## What you have to do
Please count the lines in these records that contain "also" and give only that count.
---
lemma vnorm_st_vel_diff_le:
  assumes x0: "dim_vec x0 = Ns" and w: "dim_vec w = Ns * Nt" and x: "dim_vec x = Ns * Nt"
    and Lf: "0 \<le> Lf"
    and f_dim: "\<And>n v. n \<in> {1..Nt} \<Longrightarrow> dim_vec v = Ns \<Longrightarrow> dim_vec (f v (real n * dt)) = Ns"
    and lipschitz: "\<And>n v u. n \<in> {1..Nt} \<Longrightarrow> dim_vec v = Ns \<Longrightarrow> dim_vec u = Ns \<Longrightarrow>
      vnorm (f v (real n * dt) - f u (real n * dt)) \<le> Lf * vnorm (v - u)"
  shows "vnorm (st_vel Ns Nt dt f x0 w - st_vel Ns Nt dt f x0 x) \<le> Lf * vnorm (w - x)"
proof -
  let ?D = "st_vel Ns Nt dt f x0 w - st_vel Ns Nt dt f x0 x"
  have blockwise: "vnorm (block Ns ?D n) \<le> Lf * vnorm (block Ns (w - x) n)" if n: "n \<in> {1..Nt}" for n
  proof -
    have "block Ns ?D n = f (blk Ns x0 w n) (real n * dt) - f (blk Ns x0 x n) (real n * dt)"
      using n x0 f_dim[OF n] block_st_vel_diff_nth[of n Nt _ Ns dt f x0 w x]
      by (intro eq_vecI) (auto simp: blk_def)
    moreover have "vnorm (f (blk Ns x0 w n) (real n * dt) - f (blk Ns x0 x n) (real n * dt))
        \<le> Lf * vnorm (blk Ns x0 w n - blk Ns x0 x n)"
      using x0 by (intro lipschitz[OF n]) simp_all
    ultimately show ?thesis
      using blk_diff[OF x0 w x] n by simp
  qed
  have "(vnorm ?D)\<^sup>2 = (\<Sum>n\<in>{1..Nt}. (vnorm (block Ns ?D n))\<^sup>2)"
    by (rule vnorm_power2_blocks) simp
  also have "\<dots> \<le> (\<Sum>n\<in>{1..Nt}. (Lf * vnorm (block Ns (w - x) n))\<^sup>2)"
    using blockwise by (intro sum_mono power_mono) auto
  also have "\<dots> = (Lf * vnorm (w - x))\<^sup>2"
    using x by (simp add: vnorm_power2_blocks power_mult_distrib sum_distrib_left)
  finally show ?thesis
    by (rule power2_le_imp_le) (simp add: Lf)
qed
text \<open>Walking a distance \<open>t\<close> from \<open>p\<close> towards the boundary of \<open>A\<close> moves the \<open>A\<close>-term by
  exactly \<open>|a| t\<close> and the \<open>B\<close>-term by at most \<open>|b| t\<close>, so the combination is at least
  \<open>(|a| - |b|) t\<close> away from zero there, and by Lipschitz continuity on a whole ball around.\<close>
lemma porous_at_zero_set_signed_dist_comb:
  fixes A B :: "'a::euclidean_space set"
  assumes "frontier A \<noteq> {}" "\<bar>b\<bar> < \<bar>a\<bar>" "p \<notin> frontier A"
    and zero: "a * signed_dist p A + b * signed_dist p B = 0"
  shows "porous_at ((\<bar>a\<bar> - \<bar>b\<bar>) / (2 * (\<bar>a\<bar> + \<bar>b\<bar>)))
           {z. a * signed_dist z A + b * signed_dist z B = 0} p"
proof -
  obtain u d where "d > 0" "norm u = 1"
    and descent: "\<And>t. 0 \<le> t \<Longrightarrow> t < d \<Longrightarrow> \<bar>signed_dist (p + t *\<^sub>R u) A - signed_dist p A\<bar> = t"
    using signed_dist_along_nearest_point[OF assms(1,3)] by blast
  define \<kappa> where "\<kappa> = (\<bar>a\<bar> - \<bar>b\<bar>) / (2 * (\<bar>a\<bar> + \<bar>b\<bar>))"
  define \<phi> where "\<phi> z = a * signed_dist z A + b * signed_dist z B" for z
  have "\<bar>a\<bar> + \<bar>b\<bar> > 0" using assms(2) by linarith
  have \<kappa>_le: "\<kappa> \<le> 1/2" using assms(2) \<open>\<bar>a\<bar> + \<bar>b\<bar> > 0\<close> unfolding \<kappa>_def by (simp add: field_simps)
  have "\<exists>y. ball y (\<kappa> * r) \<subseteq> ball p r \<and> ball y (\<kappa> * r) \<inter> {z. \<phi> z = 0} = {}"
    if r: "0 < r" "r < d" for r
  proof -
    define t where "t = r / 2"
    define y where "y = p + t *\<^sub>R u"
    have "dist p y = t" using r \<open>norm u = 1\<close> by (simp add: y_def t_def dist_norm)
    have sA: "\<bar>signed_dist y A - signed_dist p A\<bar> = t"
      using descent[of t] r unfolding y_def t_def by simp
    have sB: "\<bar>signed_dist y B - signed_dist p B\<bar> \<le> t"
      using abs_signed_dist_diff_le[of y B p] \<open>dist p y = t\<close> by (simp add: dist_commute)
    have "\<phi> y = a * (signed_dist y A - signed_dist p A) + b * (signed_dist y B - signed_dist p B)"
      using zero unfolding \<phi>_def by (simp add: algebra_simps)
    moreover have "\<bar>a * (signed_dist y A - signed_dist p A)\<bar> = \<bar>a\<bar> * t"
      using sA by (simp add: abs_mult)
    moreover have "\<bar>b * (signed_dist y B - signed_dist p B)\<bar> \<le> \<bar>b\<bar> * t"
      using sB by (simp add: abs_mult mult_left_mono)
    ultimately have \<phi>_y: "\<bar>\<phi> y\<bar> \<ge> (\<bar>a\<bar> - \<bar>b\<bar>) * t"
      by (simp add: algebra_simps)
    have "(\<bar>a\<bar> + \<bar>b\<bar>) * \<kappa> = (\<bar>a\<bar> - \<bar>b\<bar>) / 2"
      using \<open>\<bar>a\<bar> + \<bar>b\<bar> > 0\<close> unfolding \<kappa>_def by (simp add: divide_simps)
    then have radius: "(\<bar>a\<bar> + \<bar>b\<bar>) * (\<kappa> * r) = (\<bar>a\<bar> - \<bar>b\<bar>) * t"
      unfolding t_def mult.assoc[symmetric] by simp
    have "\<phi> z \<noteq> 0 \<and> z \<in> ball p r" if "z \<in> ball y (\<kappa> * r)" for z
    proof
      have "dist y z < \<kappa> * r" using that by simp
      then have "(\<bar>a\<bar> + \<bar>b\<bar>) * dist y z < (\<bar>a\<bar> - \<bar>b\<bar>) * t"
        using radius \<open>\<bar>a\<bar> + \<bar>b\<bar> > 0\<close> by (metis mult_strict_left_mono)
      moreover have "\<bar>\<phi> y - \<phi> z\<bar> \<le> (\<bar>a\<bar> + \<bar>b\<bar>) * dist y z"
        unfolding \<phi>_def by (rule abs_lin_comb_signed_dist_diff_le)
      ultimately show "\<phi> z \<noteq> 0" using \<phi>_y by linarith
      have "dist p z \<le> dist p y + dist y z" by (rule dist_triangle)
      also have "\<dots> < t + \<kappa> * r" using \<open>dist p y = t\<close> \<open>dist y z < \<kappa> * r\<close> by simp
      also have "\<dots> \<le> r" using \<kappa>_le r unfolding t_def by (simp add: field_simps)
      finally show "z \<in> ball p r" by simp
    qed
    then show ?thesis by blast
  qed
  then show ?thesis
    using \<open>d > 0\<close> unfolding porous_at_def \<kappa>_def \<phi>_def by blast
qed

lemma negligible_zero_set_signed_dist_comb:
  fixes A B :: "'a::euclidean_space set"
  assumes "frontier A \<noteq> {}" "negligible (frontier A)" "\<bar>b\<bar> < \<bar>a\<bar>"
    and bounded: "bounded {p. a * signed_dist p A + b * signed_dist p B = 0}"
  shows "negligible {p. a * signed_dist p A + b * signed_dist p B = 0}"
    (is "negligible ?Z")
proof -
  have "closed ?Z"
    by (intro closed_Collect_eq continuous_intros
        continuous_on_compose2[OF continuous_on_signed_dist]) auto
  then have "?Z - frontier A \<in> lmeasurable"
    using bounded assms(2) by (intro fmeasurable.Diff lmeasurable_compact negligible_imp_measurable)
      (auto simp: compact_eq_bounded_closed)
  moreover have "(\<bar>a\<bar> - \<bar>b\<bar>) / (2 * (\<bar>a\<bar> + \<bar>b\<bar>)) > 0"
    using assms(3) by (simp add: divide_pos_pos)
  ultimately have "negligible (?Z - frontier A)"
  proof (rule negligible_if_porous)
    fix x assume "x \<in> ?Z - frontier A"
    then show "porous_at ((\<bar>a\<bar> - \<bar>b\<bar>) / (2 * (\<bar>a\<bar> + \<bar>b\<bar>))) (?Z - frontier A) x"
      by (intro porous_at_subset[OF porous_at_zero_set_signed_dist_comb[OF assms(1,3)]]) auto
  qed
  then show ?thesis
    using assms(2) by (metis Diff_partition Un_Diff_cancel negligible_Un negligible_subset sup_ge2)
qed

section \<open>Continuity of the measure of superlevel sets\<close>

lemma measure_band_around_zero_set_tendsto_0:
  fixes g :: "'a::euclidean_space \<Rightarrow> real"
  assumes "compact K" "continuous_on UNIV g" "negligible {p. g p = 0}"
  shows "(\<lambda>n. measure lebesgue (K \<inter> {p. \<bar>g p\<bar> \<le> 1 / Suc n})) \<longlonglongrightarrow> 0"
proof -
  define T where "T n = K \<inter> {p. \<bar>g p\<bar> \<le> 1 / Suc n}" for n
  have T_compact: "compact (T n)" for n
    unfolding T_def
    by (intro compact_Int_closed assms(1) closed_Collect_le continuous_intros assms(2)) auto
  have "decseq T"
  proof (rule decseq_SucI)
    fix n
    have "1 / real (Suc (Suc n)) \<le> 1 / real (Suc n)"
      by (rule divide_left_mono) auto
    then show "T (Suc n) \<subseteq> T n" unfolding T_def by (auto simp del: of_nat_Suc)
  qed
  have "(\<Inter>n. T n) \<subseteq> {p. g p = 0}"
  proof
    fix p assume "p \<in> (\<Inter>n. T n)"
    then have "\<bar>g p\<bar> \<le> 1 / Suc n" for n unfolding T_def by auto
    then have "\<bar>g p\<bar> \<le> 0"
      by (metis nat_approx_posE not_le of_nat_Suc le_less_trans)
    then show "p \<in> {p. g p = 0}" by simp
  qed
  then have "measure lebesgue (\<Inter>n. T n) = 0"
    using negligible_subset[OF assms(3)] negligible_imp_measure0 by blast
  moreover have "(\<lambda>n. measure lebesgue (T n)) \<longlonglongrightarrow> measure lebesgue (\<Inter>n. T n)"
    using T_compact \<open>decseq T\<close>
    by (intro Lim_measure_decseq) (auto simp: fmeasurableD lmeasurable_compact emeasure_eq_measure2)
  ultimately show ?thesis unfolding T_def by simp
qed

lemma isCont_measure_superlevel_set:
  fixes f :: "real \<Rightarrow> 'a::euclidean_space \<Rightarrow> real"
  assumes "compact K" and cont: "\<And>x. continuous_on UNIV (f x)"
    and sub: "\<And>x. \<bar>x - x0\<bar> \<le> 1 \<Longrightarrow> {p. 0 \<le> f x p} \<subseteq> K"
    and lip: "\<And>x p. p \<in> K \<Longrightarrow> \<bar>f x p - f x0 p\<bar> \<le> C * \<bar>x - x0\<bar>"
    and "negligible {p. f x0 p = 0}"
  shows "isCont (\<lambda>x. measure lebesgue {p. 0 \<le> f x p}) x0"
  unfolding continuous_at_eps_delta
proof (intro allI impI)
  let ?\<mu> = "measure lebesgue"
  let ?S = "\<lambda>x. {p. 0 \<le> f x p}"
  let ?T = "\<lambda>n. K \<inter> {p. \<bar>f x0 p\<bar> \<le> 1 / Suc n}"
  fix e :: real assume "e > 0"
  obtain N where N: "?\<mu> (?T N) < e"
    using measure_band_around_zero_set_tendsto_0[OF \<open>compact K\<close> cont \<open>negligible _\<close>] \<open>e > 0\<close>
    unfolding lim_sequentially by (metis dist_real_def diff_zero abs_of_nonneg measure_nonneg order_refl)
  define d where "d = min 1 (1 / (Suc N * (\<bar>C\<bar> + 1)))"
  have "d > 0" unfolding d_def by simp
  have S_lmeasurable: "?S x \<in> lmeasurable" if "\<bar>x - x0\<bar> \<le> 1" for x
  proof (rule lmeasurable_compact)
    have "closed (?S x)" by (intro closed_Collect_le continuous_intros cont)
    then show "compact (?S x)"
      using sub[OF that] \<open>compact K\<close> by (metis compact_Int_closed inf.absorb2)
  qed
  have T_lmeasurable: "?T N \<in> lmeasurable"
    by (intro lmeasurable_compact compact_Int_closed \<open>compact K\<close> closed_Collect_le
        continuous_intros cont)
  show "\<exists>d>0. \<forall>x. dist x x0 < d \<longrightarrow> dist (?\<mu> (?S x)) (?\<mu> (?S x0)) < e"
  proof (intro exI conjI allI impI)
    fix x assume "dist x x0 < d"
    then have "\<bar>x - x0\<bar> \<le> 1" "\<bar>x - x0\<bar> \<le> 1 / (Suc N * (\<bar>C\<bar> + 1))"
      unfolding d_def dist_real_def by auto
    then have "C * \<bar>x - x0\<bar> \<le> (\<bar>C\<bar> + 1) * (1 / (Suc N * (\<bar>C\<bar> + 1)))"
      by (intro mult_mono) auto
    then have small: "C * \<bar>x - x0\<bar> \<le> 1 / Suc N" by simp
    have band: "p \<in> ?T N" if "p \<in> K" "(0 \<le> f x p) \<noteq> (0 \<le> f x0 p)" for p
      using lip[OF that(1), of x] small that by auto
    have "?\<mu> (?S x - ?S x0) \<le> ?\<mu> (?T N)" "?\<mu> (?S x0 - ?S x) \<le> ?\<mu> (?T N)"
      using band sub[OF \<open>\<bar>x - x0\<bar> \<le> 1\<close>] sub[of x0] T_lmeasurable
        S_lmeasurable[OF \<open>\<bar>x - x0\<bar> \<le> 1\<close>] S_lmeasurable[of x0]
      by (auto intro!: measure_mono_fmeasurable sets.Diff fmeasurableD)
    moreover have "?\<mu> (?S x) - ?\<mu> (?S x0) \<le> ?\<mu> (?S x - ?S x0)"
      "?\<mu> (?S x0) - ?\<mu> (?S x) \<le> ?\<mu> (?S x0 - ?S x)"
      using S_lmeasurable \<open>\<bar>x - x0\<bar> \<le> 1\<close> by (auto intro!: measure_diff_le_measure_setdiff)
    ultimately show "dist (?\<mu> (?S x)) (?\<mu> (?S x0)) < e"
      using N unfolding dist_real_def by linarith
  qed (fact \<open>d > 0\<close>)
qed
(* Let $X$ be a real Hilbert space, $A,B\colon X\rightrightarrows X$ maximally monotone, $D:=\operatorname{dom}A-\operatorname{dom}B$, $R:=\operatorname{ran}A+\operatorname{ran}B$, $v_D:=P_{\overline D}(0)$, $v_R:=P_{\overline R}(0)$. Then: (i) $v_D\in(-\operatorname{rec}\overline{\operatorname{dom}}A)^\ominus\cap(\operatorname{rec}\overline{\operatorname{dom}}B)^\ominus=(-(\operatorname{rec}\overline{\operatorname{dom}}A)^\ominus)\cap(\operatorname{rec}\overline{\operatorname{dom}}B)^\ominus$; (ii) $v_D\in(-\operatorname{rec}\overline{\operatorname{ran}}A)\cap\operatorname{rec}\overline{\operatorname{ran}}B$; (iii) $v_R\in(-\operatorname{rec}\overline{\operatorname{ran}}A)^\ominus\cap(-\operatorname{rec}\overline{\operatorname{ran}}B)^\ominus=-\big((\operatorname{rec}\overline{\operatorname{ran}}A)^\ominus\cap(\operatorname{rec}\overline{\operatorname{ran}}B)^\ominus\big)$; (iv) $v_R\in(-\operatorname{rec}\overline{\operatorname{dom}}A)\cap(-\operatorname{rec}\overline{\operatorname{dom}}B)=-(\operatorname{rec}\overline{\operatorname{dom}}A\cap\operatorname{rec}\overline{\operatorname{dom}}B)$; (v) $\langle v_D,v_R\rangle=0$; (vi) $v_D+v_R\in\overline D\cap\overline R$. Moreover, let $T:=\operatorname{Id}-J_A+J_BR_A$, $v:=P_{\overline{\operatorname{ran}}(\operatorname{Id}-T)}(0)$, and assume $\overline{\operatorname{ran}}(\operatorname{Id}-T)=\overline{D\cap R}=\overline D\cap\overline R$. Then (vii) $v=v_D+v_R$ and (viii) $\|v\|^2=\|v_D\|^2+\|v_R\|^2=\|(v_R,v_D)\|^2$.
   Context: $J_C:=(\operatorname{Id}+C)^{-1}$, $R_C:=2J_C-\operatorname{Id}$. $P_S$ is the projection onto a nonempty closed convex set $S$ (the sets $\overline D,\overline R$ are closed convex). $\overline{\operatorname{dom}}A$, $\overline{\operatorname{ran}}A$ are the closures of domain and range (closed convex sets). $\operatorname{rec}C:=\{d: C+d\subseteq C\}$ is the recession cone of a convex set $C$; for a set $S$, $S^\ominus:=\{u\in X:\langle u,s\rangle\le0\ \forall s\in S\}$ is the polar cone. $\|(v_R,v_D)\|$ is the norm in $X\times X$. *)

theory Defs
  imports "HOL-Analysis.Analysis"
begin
---
## Reply to the task
4